BP named Ian Tyler interim chair and said a search for a permanent successor is underway. Tyler said the board and leadership team have "deep conviction in the strategic direction we have laid out." The U.K. Serious Fraud Office and the Metropolitan Police Service both declined to comment to CNBC.
What Manifold said
In his Wednesday statement, the former chief of Irish building-materials group CRH said he had worked "to drive genuine change at BP - cutting costs, challenging excess, and holding the organisation to higher standards." He added: "I dispute entirely the characterisation of my conduct and I will not allow a false narrative to go unchallenged." A BP spokesperson, asked to respond, pointed CNBC back to the company's Tuesday statement.
A volatile boardroom
Manifold becomes BP's third chairman in under three years, and his exit follows the April 1 arrival of O'Neill, the former Woodside Energy boss, as the company's third CEO in the same span. He had drawn an unusually low 81.8 percent shareholder vote at last month's annual general meeting, after BP blocked a climate-resolution proposal from the Dutch activist group Follow This. Board members typically receive close to 100 percent support, and some activist investors had said even a 5 percent vote against Manifold would have marked a severe reprimand, particularly after a 24 percent vote against outgoing chair Helge Lund last year.

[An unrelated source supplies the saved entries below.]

section \<open>The cost of \<open>zeta\<close> on \<open>Gamma_bar\<close>\<close>

lemma integral_inner_test_extend:
  fixes h Z :: "'b \<Rightarrow> 'a::euclidean_space"
  assumes test: "\<And>\<Phi>::'a \<Rightarrow> 'a. \<Phi> \<in> borel_measurable borel \<Longrightarrow> bounded (range \<Phi>) \<Longrightarrow>
        (\<integral>p. \<Phi> (h p) \<bullet> Z p \<partial>\<gamma>) = (\<integral>x. \<Phi> x \<bullet> x \<partial>distr \<gamma> borel h)"
    and h: "h \<in> borel_measurable \<gamma>" and Z: "Z \<in> borel_measurable \<gamma>"
    and \<Phi>: "\<Phi> \<in> borel_measurable borel"
    and int_Z: "integrable \<gamma> (\<lambda>p. \<Phi> (h p) \<bullet> Z p)" and int_h: "integrable \<gamma> (\<lambda>p. \<Phi> (h p) \<bullet> h p)"
  shows "(\<integral>p. \<Phi> (h p) \<bullet> (Z p - h p) \<partial>\<gamma>) = 0"
proof -
  note [measurable] = h Z \<Phi>
  define \<Phi>n where "\<Phi>n n x = (if norm (\<Phi> x) \<le> real n then \<Phi> x else 0)" for n :: nat and x
  have [measurable]: "\<Phi>n n \<in> borel_measurable borel" for n
    unfolding \<Phi>n_def by measurable
  have le: "\<bar>\<Phi>n n x \<bullet> v\<bar> \<le> \<bar>\<Phi> x \<bullet> v\<bar>" for n x v
    unfolding \<Phi>n_def by auto
  have int_n: "integrable \<gamma> (\<lambda>p. \<Phi>n n (h p) \<bullet> Z p)" "integrable \<gamma> (\<lambda>p. \<Phi>n n (h p) \<bullet> h p)" for n
  proof -
    show "integrable \<gamma> (\<lambda>p. \<Phi>n n (h p) \<bullet> Z p)"
      by (rule Bochner_Integration.integrable_bound[OF int_Z]) (simp_all add: le)
    show "integrable \<gamma> (\<lambda>p. \<Phi>n n (h p) \<bullet> h p)"
      by (rule Bochner_Integration.integrable_bound[OF int_h]) (simp_all add: le)
  qed
  have "(\<integral>p. \<Phi>n n (h p) \<bullet> (Z p - h p) \<partial>\<gamma>) = 0" for n
  proof -
    have "bounded (range (\<Phi>n n))"
      unfolding bounded_iff \<Phi>n_def by (intro exI[of _ "real n"]) auto
    from test[OF _ this] have "(\<integral>p. \<Phi>n n (h p) \<bullet> Z p \<partial>\<gamma>) = (\<integral>p. \<Phi>n n (h p) \<bullet> h p \<partial>\<gamma>)"
      by (simp add: integral_distr)
    then show ?thesis using int_n by (simp add: inner_diff_right)
  qed
  moreover have "(\<lambda>n. \<integral>p. \<Phi>n n (h p) \<bullet> (Z p - h p) \<partial>\<gamma>) \<longlonglongrightarrow> (\<integral>p. \<Phi> (h p) \<bullet> (Z p - h p) \<partial>\<gamma>)"
  proof (rule integral_dominated_convergence[where w = "\<lambda>p. norm (\<Phi> (h p) \<bullet> (Z p - h p))"])
    show "integrable \<gamma> (\<lambda>p. norm (\<Phi> (h p) \<bullet> (Z p - h p)))"
      using int_Z int_h by (simp add: inner_diff_right)
    show "AE p in \<gamma>. (\<lambda>n. \<Phi>n n (h p) \<bullet> (Z p - h p)) \<longlonglongrightarrow> \<Phi> (h p) \<bullet> (Z p - h p)"
    proof (intro AE_I2 tendsto_eventually)
      fix p
      obtain N :: nat where N: "norm (\<Phi> (h p)) \<le> real N" using real_arch_simple by blast
      have "\<Phi>n n (h p) = \<Phi> (h p)" if "N \<le> n" for n
        using N that unfolding \<Phi>n_def by (metis of_nat_le_iff order_trans)
      then show "\<forall>\<^sub>F n in sequentially. \<Phi>n n (h p) \<bullet> (Z p - h p) = \<Phi> (h p) \<bullet> (Z p - h p)"
        unfolding eventually_sequentially by (intro exI[of _ N]) simp
    qed
  qed (use le in auto)
  ultimately show ?thesis by (simp add: LIMSEQ_const_iff)
qed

Lindsey Stewart, director of institutional investor content at Morningstar, told CNBC that BP has "the most volatile boardroom" of the oil supermajors and that "getting a grip on corporate governance and strategy at the company must be a priority of the interim chair and his eventual successor." Maurizio Carulli, global energy analyst at Quilter Cheviot, called the departure a surprise but noted that BP has cycled through senior leaders for two decades and that recent operational gains reflect "the successful efforts of the entire organisation and its management, not just of one person."
The counterpoint
Only two perspectives are on the record so far: BP's board statement and Manifold's emailed denial. BP has not detailed the specific conduct that prompted the dismissal, and Manifold has not specified which accusations he disputes. The investor and analyst commentary available in today's CNBC reporting accepts the board's account; no shareholder or director has publicly defended Manifold's position, and no broader institutional dissent had surfaced by Wednesday morning.
What comes next
The climate group ACCR has asked BP's board to provide "a full and transparent account" of what led to the removal, and Follow This said the next chair must bring "real expertise" in governance, climate risk and transition risk. BP has not given a timetable for naming a permanent successor.